2. Gruppenleitung durch ein Paar. Es ist erleichternd, wenn beide
Geschlechter vertreten sind. Noch besser ist es, wenn dieses Paar ein
Ehepaar ist, so dass alle Gefühle im Rahmen gesehen werden können.
3. In der Einzelarbeit ist Körperkontakt dann denkbar, wenn er zuvor in
der Gruppe kennen gelernt wurde und wenn er im Einzelkontakt nicht über
das hinausgeht, was in der Gruppe möglich ist.

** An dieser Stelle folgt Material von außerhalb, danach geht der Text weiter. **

section \<open>Linear forms separating a finite set\<close>

lemma exists_not_orthogonal:
  fixes D :: "'a::euclidean_space set"
  assumes "finite D" and "0 \<notin> D"
  shows "\<exists>c. c \<noteq> 0 \<and> (\<forall>d\<in>D. c \<bullet> d \<noteq> 0)"
  using assms
proof (induction D rule: finite_induct)
  case empty
  obtain b :: 'a where "b \<in> Basis" using nonempty_Basis by blast
  then show ?case using nonzero_Basis by blast
next
  case (insert d D)
  then obtain c where c: "c \<noteq> 0" "\<forall>d'\<in>D. c \<bullet> d' \<noteq> 0" by auto
  show ?case
  proof (cases "c \<bullet> d = 0")
    case False
    then show ?thesis using c by auto
  next
    case True
    text \<open>Replace \<open>c\<close> by \<open>c + e d\<close> for a step size \<open>e\<close> avoiding finitely many bad values.\<close>
    define B where "B = insert 0 ((\<lambda>d'. - (c \<bullet> d') / (d \<bullet> d')) ` D)"
    obtain e :: real where "e \<notin> B"
      using ex_new_if_finite[OF infinite_UNIV_char_0, of B] insert(1) by (auto simp: B_def)
    have "(c + e *\<^sub>R d) \<bullet> d' \<noteq> 0" if "d' \<in> insert d D" for d'
    proof
      assume "(c + e *\<^sub>R d) \<bullet> d' = 0"
      then have sum0: "c \<bullet> d' + e * (d \<bullet> d') = 0" by (simp add: inner_add_left)
      show False
      proof (cases "d' = d")
        case True
        then show False using sum0 \<open>c \<bullet> d = 0\<close> \<open>e \<notin> B\<close> insert(4) by (simp add: B_def)
      next
        case False
        then have "d' \<in> D" "c \<bullet> d' \<noteq> 0" using that c(2) by auto
        with sum0 have "e = - (c \<bullet> d') / (d \<bullet> d')"
          by (metis add.right_neutral eq_divide_eq minus_add_cancel mult_zero_right)
        then show False using \<open>d' \<in> D\<close> \<open>e \<notin> B\<close> by (simp add: B_def)
      qed
    qed
    moreover have "c + e *\<^sub>R d \<noteq> 0"
      using calculation[of d] by auto
    ultimately show ?thesis by blast
  qed
qed

lemma exists_inner_inj_on:
  fixes X :: "'a::euclidean_space set"
  assumes "finite X"
  shows "\<exists>c. c \<noteq> 0 \<and> inj_on (inner c) X"
proof -
  define D where "D = (\<lambda>(p, q). p - q) ` {(p, q) \<in> X \<times> X. p \<noteq> q}"
  have "finite D"
    unfolding D_def using assms by (auto intro: finite_subset[of _ "X \<times> X"])
  moreover have "0 \<notin> D" by (auto simp: D_def)
  ultimately obtain c where c: "c \<noteq> 0" "\<forall>d\<in>D. c \<bullet> d \<noteq> 0"
    using exists_not_orthogonal by blast
  have "inj_on (inner c) X"
  proof (rule inj_onI, rule ccontr)
    fix p q assume "p \<in> X" "q \<in> X" "c \<bullet> p = c \<bullet> q" "p \<noteq> q"
    then have "p - q \<in> D" "c \<bullet> (p - q) = 0" by (auto simp: D_def inner_diff_right)
    then show False using c(2) by blast
  qed
  then show ?thesis using c(1) by blast
qed

lemma exists_inner_inj_on_normalized:
  fixes X :: "(real^'n) set"
  assumes "finite X"
  obtains c i where "c $ i = 1" and "inj_on (inner c) X"
proof -
  obtain c :: "real^'n" where "c \<noteq> 0" and inj: "inj_on (inner c) X"
    using exists_inner_inj_on[OF assms] by blast
  then obtain i where i: "c $ i \<noteq> 0" by (auto simp: vec_eq_iff)
  have "inj_on (inner ((1 / c $ i) *\<^sub>R c)) X"
    using inj i by (auto simp: inj_on_def)
  moreover have "((1 / c $ i) *\<^sub>R c) $ i = 1" using i by simp
  ultimately show thesis using that by blast
qed
text \<open>
  Every short step is a projected gradient step, so for any feasible Z the three-point
  inequality 2 sigma(k) (f(Xbar(k+1)) - f(Z)) \<le> |X(k) - Z|^2 - |Xbar(k+1) - Z|^2 holds.
  Taking Z = X(k) shows that the objective never increases along the iterates, and accepted
  long steps decrease it by at least \<epsilon>; as it is bounded below on the feasible set, it
  converges to some L and only finitely many long steps are accepted. If some feasible Z had
  f(Z) < L, then from then on every step would decrease |X(k) - Z|^2 by at least
  2 sigma(0) (L - f(Z)) > 0, which is impossible.
\<close>

lemma uniform_decrease_imp_negative:
  fixes D :: "nat \<Rightarrow> real"
  assumes decr: "\<And>j. D (Suc j) \<le> D j - \<delta>" and "\<delta> > 0"
  shows "\<exists>j. D j < 0"
proof -
  have D_le: "D j \<le> D 0 - real j * \<delta>" for j
  proof (induction j)
    case (Suc j)
    then show ?case using decr[of j] by (simp add: algebra_simps)
  qed simp
  obtain j :: nat where "D 0 < real j * \<delta>"
    using reals_Archimedean3[OF \<open>\<delta> > 0\<close>] by blast
  with D_le[of j] show ?thesis by (intro exI[of _ j]) linarith
qed

text \<open>
  D plays the role of the squared distance; the three-point inequality is all that is used
  about the projected gradient step.
\<close>

locale stride_scheme =
  fixes F :: "'a set" and f :: "'a \<Rightarrow> real" and D :: "'a \<Rightarrow> 'a \<Rightarrow> real"
    and \<sigma> :: "nat \<Rightarrow> real" and \<epsilon> :: real and X Xbar :: "nat \<Rightarrow> 'a"
  assumes D_nonneg: "D U V \<ge> 0"
    and D_self: "D U U = 0"
    and f_bdd_below: "bdd_below (f ` F)"
    and eps_pos: "\<epsilon> > 0"
    and sigma_pos: "\<sigma> k > 0"
    and sigma_mono: "mono \<sigma>"
    and Xbar_mem: "Xbar (Suc k) \<in> F"
    and three_point: "Z \<in> F \<Longrightarrow>
          2 * \<sigma> k * (f (Xbar (Suc k)) - f Z) \<le> D (X k) Z - D (Xbar (Suc k)) Z"
    and update: "X (Suc k) = Xbar (Suc k) \<or>
          X (Suc k) \<in> F \<and> f (X (Suc k)) \<le> f (Xbar (Suc k)) - \<epsilon>"
begin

4. Kontakt mit Tieren. Es ist in der Einzelarbeit möglich, den
Körperkontakt durch Kontakt mit Tieren zu ersetzen. So haben wir gute
Erfahrungen mit Katzen gemacht, die anlehnungsbedürftig sind. Wir
benutzen sie, um den Klienten Nähe und Wärme und Beziehung auf
diesem Wege anzubieten. Die Möglichkeit einer Reittherapie ist darüber
hinaus auch gegeben. Dabei geht es bei der Reittherapie nicht nur um das
Reiten, den Umgang mit der Angst, sondern zunächst einmal mit dem
Umgang mit einem lebendigen Wesen und mit der Aufnahme einer
Beziehung. Es hat sich gezeigt, dass die Aufnahme von Beziehungen mit
Tieren für manche Menschen einfacher ist, als die Aufnahme von
Beziehungen zu Menschen. Auch das Reden über die Aufnahme diese
Beziehung ist leichter mit Tieren als mit Menschen, weil offensichtlich für
diese Menschen eine optimale Distanz in der Beziehung möglich ist.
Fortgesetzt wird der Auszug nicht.